In step S1642, the server 600 temporarily stores the threat object information received from the HMD set 110B. The server 600 executes the synchronization process by transmitting the threat object information to each of the HMD sets 110A to 110D of the users 5A to 5D associated with the common virtual space 11.

In step S1643, the processor 210A in the HMD set 110A updates the information of the threat object 2051 in the virtual space 1811A based on the threat object information transmitted from the server 600 to the HMD set 110A, as shown in FIG. For example, when the user 5B throws the threat object 2051 toward the avatar object 1506A, the information of the threat object 2051 is updated at any time so that the threat object 2051 moves toward the avatar object 1506A.

In step S1644, the server 600 determines whether or not the threat object 2051 has approached the avatar object 1506A within a predetermined distance based on the threat object information received from the HMD set 110B. For example, as shown in FIG. 21, the server 600 is a virtual device in which at least a part of the threat object 2051 approaches the avatar object 1506A within a predetermined distance L, that is, is formed at a position of a predetermined distance L from the avatar object 1506A. It is determined whether or not the object is within the circle 2052.

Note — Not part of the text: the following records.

lemma k_wall_sun_sun_iff:
  assumes "\<not> (int p)\<^sup>2 dvd D"
  shows "k_wall_sun_sun k p \<longleftrightarrow> algebraic_int (F / real p ^ 2)"
  using prime_p ord\<alpha>_square_eq_iff_cong_F[OF assms]
  unfolding k_wall_sun_sun_def pisano_eq_ord\<alpha> cong_F_iff_dvd algebraic_int_F_iff_dvd by simp

end

theorem lemma3p5:
  fixes k :: int and p :: nat
  assumes "k \<ge> 1" and "\<not> 4 dvd k"
    and "squarefree ((k\<^sup>2 + 4) div (gcd 2 k)\<^sup>2)"
    and "prime p" and "p \<ge> 3"
  defines "\<alpha> \<equiv> (real_of_int k + sqrt (real_of_int (k\<^sup>2 + 4))) / 2"
  shows "k_wall_sun_sun k p \<longleftrightarrow>
    algebraic_int ((\<alpha> ^ (2 * p) - real_of_int k * \<alpha> ^ p - 1) / real p ^ 2)"
proof -
  have "lucas k" "lucas_prime k p"
    using assms(1,4,5) by unfold_locales
  have "\<not> (int p)\<^sup>2 dvd lucas.D k"
    using prime_square_not_dvd_square_plus_4[OF assms(3), of "int p"] assms(4)
      lucas_prime.p_odd[OF \<open>lucas_prime k p\<close>]
    by (simp add: lucas.D_def[OF \<open>lucas k\<close>])
  then have "k_wall_sun_sun k p \<longleftrightarrow> algebraic_int (lucas_prime.F k p / real p ^ 2)"
    by (rule lucas_prime.k_wall_sun_sun_iff[OF \<open>lucas_prime k p\<close>])
  then show ?thesis
    unfolding lucas_prime.F_def[OF \<open>lucas_prime k p\<close>] lucas.\<alpha>_def[OF \<open>lucas k\<close>]
      lucas.\<delta>_def[OF \<open>lucas k\<close>] lucas.D_def[OF \<open>lucas k\<close>] \<alpha>_def .
qed

end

If it is determined that the threat object 2051 has approached the avatar object 1506A within a predetermined distance L (Yes in step S1644), in step S1645, the server 600 attaches the threat object 2051 to the virtual camera associated with the avatar object 1506A. Within the view area 1815A of 1814A, for example, the object is moved to a position separated from the avatar object 1506A by a predetermined distance or more (see FIG. 22). For the sake of simplification of the drawing, in FIG. 22, the moving position of the threat object 2051 is shown so as to be within the view area 1815A and at a position farther from the virtual circle 2052. Not limited. If the threat object 2051 is placed in the field of view area 1815A and at a position separated from the avatar object 1506A by a certain distance, the threat object 2051 may be placed at a position farther than the predetermined distance L or closer to the predetermined distance L. good. In any case, in order to make the threat object 2051 visible to the user 5A, the threat object 2051 may be located within the field of view area 1815A of the user 5A and at a certain distance from the avatar object 1506A. preferable. Then, the server 600 transmits the updated information of the threat object 2051 to the processor 210A of the HMD set 110A.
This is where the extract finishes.